И только после смерти дяди, который оставил племяннику значительную часть своего имения, он вместе с документами о наследстве получил бумаги матери и дяди. Из них он узнал, что отец его через три года после разлуки с матерью попал в руки полиции и после годового следствия был приговорён к ссылке в Сибирь.

Однако друзья его, и среди них автор записки помогли ему бежать в Англию, где следы его теряются. «Бедный Фердинанд! — писал Фёдор. Лермонтов в дневнике. — Если бы отец не закрыл перед ним дверь, он мог бы бежать к нему и был бы спасён. А теперь он, наверное, погиб в беде и нужде, так как был слишком горд, чтобы принимать помощь от друзей».

Так, теперь я всё рассказал. Ты и сейчас скажешь, что я, сын Фердинанда, трушу, зная правду, избегаю близости с этим человеком? Или ты считаешь, что другой на моём месте был бы способен ежедневно общаться с ним и с его внуком Адамом, который не сегодня-завтра вступит в майорат, когда отец мой погиб в беде и нужде?

С одной стороны, я очень счастлив, что Никуша — мой двоюродный брат, Маргита

— моя кузина и Коримский тоже мне родственником приходится, а с другой стороны, я чувствую ненависть к Орловским. Мне с ними ежедневно приходится встречаться, я должен быть вежливым и приветливым в общении с человеком, который оскорбил мою мать и моего отца из-за брака с ней выгнал из дома на погибель. Если бы он из Орлова ушёл не с такой горечью в душе, всё могло бы быть иначе!

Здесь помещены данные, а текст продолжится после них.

(* Let $n\ge 1$. For any code $C_n\in\mathbb{S}_n$ with codeword lengths $l_1,\dots,l_n$, there exist an integer $m\le\sum_{i=1}^n(l_i-1)$ (in particular $m=O(n^2)$) and symmetric fix-free codes $S_n^{(1)},\dots,S_n^{(m)}\in\mathbb{S}_n$ such that $R_n=S_n^{(0)}\rightarrow S_n^{(1)}\rightarrow\cdots\rightarrow S_n^{(m)}=C_n$, and such that for each $i\in\{0,1,\dots,m-1\}$ every codeword of $C_n$ has a prefix in $S_n^{(i)}$. Furthermore, there exist codes $B_n\in\mathbb{S}_n$ for which any such sequence from $R_n$ to $B_n$ requires $m=\Omega(n^{1.5})$ codes.
   Context: All strings are finite binary strings; $|w|$ denotes length. A palindrome is a string equal to its reversal. A symmetric fix-free code is a finite set of binary palindromes no one of which is a proper prefix of another. $\mathbb{S}_n$ is the set of symmetric fix-free codes with exactly $n$ codewords which do not contain the string $1$ and all of whose codewords have length at most $n$. $R_n=\{s_1,\dots,s_n\}$ with $s_1=0$ and $s_i=1\,0^{i-2}\,1$ for $2\le i\le n$ (so $|s_i|=i$). For a palindrome $\sigma$, $\mathcal{N}(\sigma)$ is the set of palindromes $w$ such that $\sigma$ is the longest palindrome that is a proper prefix of $w$, and $\mathcal{N}_n(\sigma)=\{w\in\mathcal{N}(\sigma):|w|\le n\}$. For $S,\hat S\in\mathbb{S}_n$, write $S\rightarrow\hat S$ if there is $\sigma\in S$ with $\hat S\subseteq (S\cup\mathcal{N}_n(\sigma))\setminus\{\sigma\}$. "Prefix" includes equality. *)

theory Defs
  imports Complex_Main "HOL-Library.Sublist"
begin

text \<open>Binary strings are bool lists: False = 0, True = 1.\<close>

definition palindrome :: "bool list \<Rightarrow> bool" where
  "palindrome w \<longleftrightarrow> rev w = w"

definition sym_fixfree :: "bool list set \<Rightarrow> bool" where
  "sym_fixfree S \<longleftrightarrow> finite S \<and> (\<forall>w\<in>S. palindrome w \<and> w \<noteq> [])
     \<and> (\<forall>u\<in>S. \<forall>v\<in>S. \<not> strict_prefix u v)"

definition SS :: "nat \<Rightarrow> bool list set set" where
  "SS n = {S. sym_fixfree S \<and> card S = n \<and> [True] \<notin> S \<and> (\<forall>w\<in>S. length w \<le> n)}"

definition R :: "nat \<Rightarrow> bool list set" where
  "R n = {[False]} \<union> {[True] @ replicate (i - 2) False @ [True] | i. 2 \<le> i \<and> i \<le> n}"

definition Nset :: "bool list \<Rightarrow> bool list set" where
  "Nset \<sigma> = {w. palindrome w \<and> palindrome \<sigma> \<and> strict_prefix \<sigma> w \<and>
      (\<forall>\<tau>. palindrome \<tau> \<and> strict_prefix \<tau> w \<longrightarrow> length \<tau> \<le> length \<sigma>)}"

definition Nset_n :: "nat \<Rightarrow> bool list \<Rightarrow> bool list set" where
  "Nset_n n \<sigma> = {w \<in> Nset \<sigma>. length w \<le> n}"

definition step :: "nat \<Rightarrow> bool list set \<Rightarrow> bool list set \<Rightarrow> bool" where
  "step n S S' \<longleftrightarrow> (\<exists>\<sigma>\<in>S. S' \<subseteq> (S \<union> Nset_n n \<sigma>) - {\<sigma>})"

definition good_seq :: "nat \<Rightarrow> bool list set \<Rightarrow> nat \<Rightarrow> (nat \<Rightarrow> bool list set) \<Rightarrow> bool" where
  "good_seq n C m Sq \<longleftrightarrow> Sq 0 = R n \<and> Sq m = C
     \<and> (\<forall>i. 1 \<le> i \<and> i \<le> m \<longrightarrow> Sq i \<in> SS n)
     \<and> (\<forall>i<m. step n (Sq i) (Sq (Suc i)))
     \<and> (\<forall>i<m. \<forall>c\<in>C. \<exists>s\<in>Sq i. prefix s c)"

end

theory Submission imports Defs "HOL-Library.Discrete_Functions" begin

text \<open>Call the palindromes that are proper prefixes of codewords of \<open>C\<close> and extend some word of
  \<open>S\<close> the potential of \<open>S\<close> with respect to \<open>C\<close>. A step that splits \<open>\<sigma>\<close> replaces it by
  words of \<open>N(\<sigma>)\<close>, whose proper palindromic prefixes are prefixes of \<open>\<sigma>\<close>; so a step adds at
  most \<open>\<sigma>\<close> to the potential of the start code with respect to the current one, and a sequence
  from \<open>R\<^sub>n\<close> to \<open>C\<close> has at least as many steps as the potential of \<open>R\<^sub>n\<close> has elements.
  Conversely, while \<open>S \<noteq> C\<close> some \<open>\<sigma> \<in> S\<close> is a proper prefix of a codeword; keeping the
  words below codewords, with \<open>\<sigma>\<close> replaced by its children below codewords and padded with
  unused words of \<open>S\<close>, is a step that removes \<open>\<sigma>\<close> from the potential. Since every element of
  the potential is a nonempty proper prefix of a codeword, this gives at most
  \<open>\<Sum>(l\<^sub>i - 1)\<close> steps.

  For the lower bound, the \<open>n\<close> codewords \<open>(0\<^sup>a 1 0\<^sup>b 1)\<^sup>K 0\<^sup>a\<close> with distinct pairs
  \<open>1 \<le> a, b \<le> \<lfloor>\<surd>n\<rfloor> + 1\<close> and \<open>K \<approx> \<surd>n / 2\<close> have length at most \<open>n\<close> and \<open>K - 1\<close> distinct proper
  palindromic prefixes \<open>(0\<^sup>a 1 0\<^sup>b 1)\<^sup>j 0\<^sup>a\<close> each, all extending the codeword \<open>0\<close> of \<open>R\<^sub>n\<close>:
  a potential of order \<open>n \<surd>n\<close>.\<close>

definition prefix_free :: "'a list set \<Rightarrow> bool" where
  "prefix_free A \<longleftrightarrow> (\<forall>u\<in>A. \<forall>v\<in>A. \<not> strict_prefix u v)"

definition covers :: "'a list set \<Rightarrow> 'a list set \<Rightarrow> bool" where
  "covers S C \<longleftrightarrow> (\<forall>c\<in>C. \<exists>s\<in>S. prefix s c)"

definition potential :: "bool list set \<Rightarrow> bool list set \<Rightarrow> bool list set" where
  "potential C S = {p. palindrome p \<and> (\<exists>c\<in>C. strict_prefix p c) \<and> (\<exists>s\<in>S. prefix s p)}"

lemma mem_SS_iff:
  "S \<in> SS n \<longleftrightarrow> finite S \<and> (\<forall>w\<in>S. palindrome w \<and> w \<noteq> []) \<and> prefix_free S
     \<and> card S = n \<and> [True] \<notin> S \<and> (\<forall>w\<in>S. length w \<le> n)"
  unfolding SS_def sym_fixfree_def prefix_free_def by auto

lemma prefix_replicate_cancel:
  assumes "x \<noteq> y" and "prefix (replicate a x @ y # xs) (replicate a' x @ y # ys)"
  shows "a = a' \<and> prefix xs ys"
  using assms(2)
proof (induction a arbitrary: a')
  case 0 then show ?case using assms(1) by (cases a') auto
next
  case (Suc a) then show ?case using assms(1) by (cases a') auto
qed

lemma prefix_free_subset: "prefix_free A \<Longrightarrow> B \<subseteq> A \<Longrightarrow> prefix_free B"
  unfolding prefix_free_def by blast

lemma card_le_if_prefix_free_below:
  assumes "finite C" and "prefix_free A" and "\<forall>a\<in>A. \<exists>c\<in>C. prefix a c"
  shows "card A \<le> card C"
proof -
  obtain f where f: "\<forall>a\<in>A. f a \<in> C \<and> prefix a (f a)" using assms(3) by metis
  have "inj_on f A"
  proof (rule inj_onI)
    fix a b assume "a \<in> A" "b \<in> A" "f a = f b"
    then have "prefix a b \<or> prefix b a" using f prefix_same_cases by metis
    with \<open>a \<in> A\<close> \<open>b \<in> A\<close> show "a = b"
      using assms(2) unfolding prefix_free_def by (metis prefix_order.le_less)
  qed
  with f assms(1) show ?thesis by (metis card_inj_on_le image_subsetI)
qed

Если я останусь, то обстоятельства сегодня или завтра вынудят меня посетить пана Николая Орловского в Орлове. Как ты себе это представляешь? Нет, никогда! Мне нужно уйти. Лишь в том случае я мог бы оставаться, если бы я мог этому жестокому старику бросить в лицо, что он погубил моего отца. Однако этого я не могу сделать из-за Никуши и Маргиты и ещё из-за того, что он подумал бы, будто я хочу, чтобы он дал мне своё имя, которого я лишился из-за бегства отца. О нет! Хотя я ношу фамилию «Лермонтов» только потому, что меня усыновил мой дядя, мне имя моей матери дорого, и я его никогда не сменил бы на другое. В той же мере, как он ненавидит всё русское, я ненавижу всё польское и никогда не стал бы поляком!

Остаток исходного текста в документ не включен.